(* Let $\pi\in S_n$, $0\le u<v\le n$, and assume that $I=\{u+1,\dots,v\}$ is a $\pi$-section. Let $\sigma$ be the restriction of $\pi$ to $I$, regarded as the permutation $k\mapsto\pi(u+k)-u$ of $\{1,\dots,v-u\}$. Then $[c_u]_{\beta_\pi}$ and $[c_v]_{\beta_\pi}$ are narrows of $G/\beta_\pi$, and the subdiagram of the canonical diagram of $G/\beta_\pi$ determined by the interval $\bigl[[c_u]_{\beta_\pi},[c_v]_{\beta_\pi}\bigr]$ equals (up to boundary similarity) the canonical diagram of $G'/\beta_\sigma$, where $G'$ is the square grid of length $2(v-u)$.
   Context: For $m\ge1$, the square grid of length $2m$ is the direct product of chains $0=c_0\prec\dots\prec c_m$ and $0=d_0\prec\dots\prec d_m$, elements written $c_i\vee d_j$; $G$ denotes the one with $m=n$. For $\pi\in S_m$, $\beta_\pi$ is the join, in the lattice of join-congruences (equivalences compatible with $\vee$), of the smallest join-congruences collapsing $\{c_{i-1}\vee d_{\pi(i)},c_i\vee d_{\pi(i)-1},c_i\vee d_{\pi(i)}\}$, $i=1,\dots,m$; the quotient is a slim semimodular lattice of length $m$ and its canonical diagram is its planar diagram whose left boundary chain is $\{[c_i]_{\beta_\pi}\}$ and right boundary chain is $\{[d_i]_{\beta_\pi}\}$ (diagrams considered up to boundary similarity, i.e. up to isomorphisms preserving left and right boundary chains). A narrows of a lattice is an element comparable with every element. For $\sigma\in S_n$, a set $J$ is closed if $\sigma(J)\subseteq J$; a nonempty interval $\{a,\dots,b\}$ of $\{1<\dots<n\}$ is a $\sigma$-section if it, $\{1,\dots,a-1\}$ and $\{b+1,\dots,n\}$ are closed. *)

theory Defs
  imports "HOL-Combinatorics.Permutations"
begin

text \<open>The element c_i \<or> d_j of the grid is represented by the pair (i,j),
  with 0 \<le> i,j \<le> m; c_i = (i,0), d_j = (0,j). The order is componentwise.\<close>

definition grid :: "nat \<Rightarrow> (nat \<times> nat) set" where
  "grid m = {0..m} \<times> {0..m}"

definition gjoin :: "nat \<times> nat \<Rightarrow> nat \<times> nat \<Rightarrow> nat \<times> nat" where
  "gjoin x y = (max (fst x) (fst y), max (snd x) (snd y))"

definition join_cong :: "nat \<Rightarrow> ((nat \<times> nat) \<times> (nat \<times> nat)) set \<Rightarrow> bool" where
  "join_cong m \<theta> \<longleftrightarrow> equiv (grid m) \<theta> \<and>
     (\<forall>x y z. (x, y) \<in> \<theta> \<longrightarrow> z \<in> grid m \<longrightarrow> (gjoin x z, gjoin y z) \<in> \<theta>)"

definition cong_gen :: "nat \<Rightarrow> (nat \<times> nat) set \<Rightarrow> ((nat \<times> nat) \<times> (nat \<times> nat)) set" where
  "cong_gen m S = \<Inter>{\<theta>. join_cong m \<theta> \<and> S \<times> S \<subseteq> \<theta>}"

definition cong_join :: "nat \<Rightarrow> ((nat \<times> nat) \<times> (nat \<times> nat)) set set \<Rightarrow> ((nat \<times> nat) \<times> (nat \<times> nat)) set" where
  "cong_join m \<Theta>s = \<Inter>{\<theta>. join_cong m \<theta> \<and> (\<forall>\<phi>\<in>\<Theta>s. \<phi> \<subseteq> \<theta>)}"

★ ★ ★ ★ ★

*Exercise aim:* Check each line of the data above for the string "gjoin", and copy the ones that have it.

*Answer to the exercise:*
definition gjoin :: "nat \<times> nat \<Rightarrow> nat \<times> nat \<Rightarrow> nat \<times> nat" where
  "gjoin x y = (max (fst x) (fst y), max (snd x) (snd y))"
     (\<forall>x y z. (x, y) \<in> \<theta> \<longrightarrow> z \<in> grid m \<longrightarrow> (gjoin x z, gjoin y z) \<in> \<theta>)"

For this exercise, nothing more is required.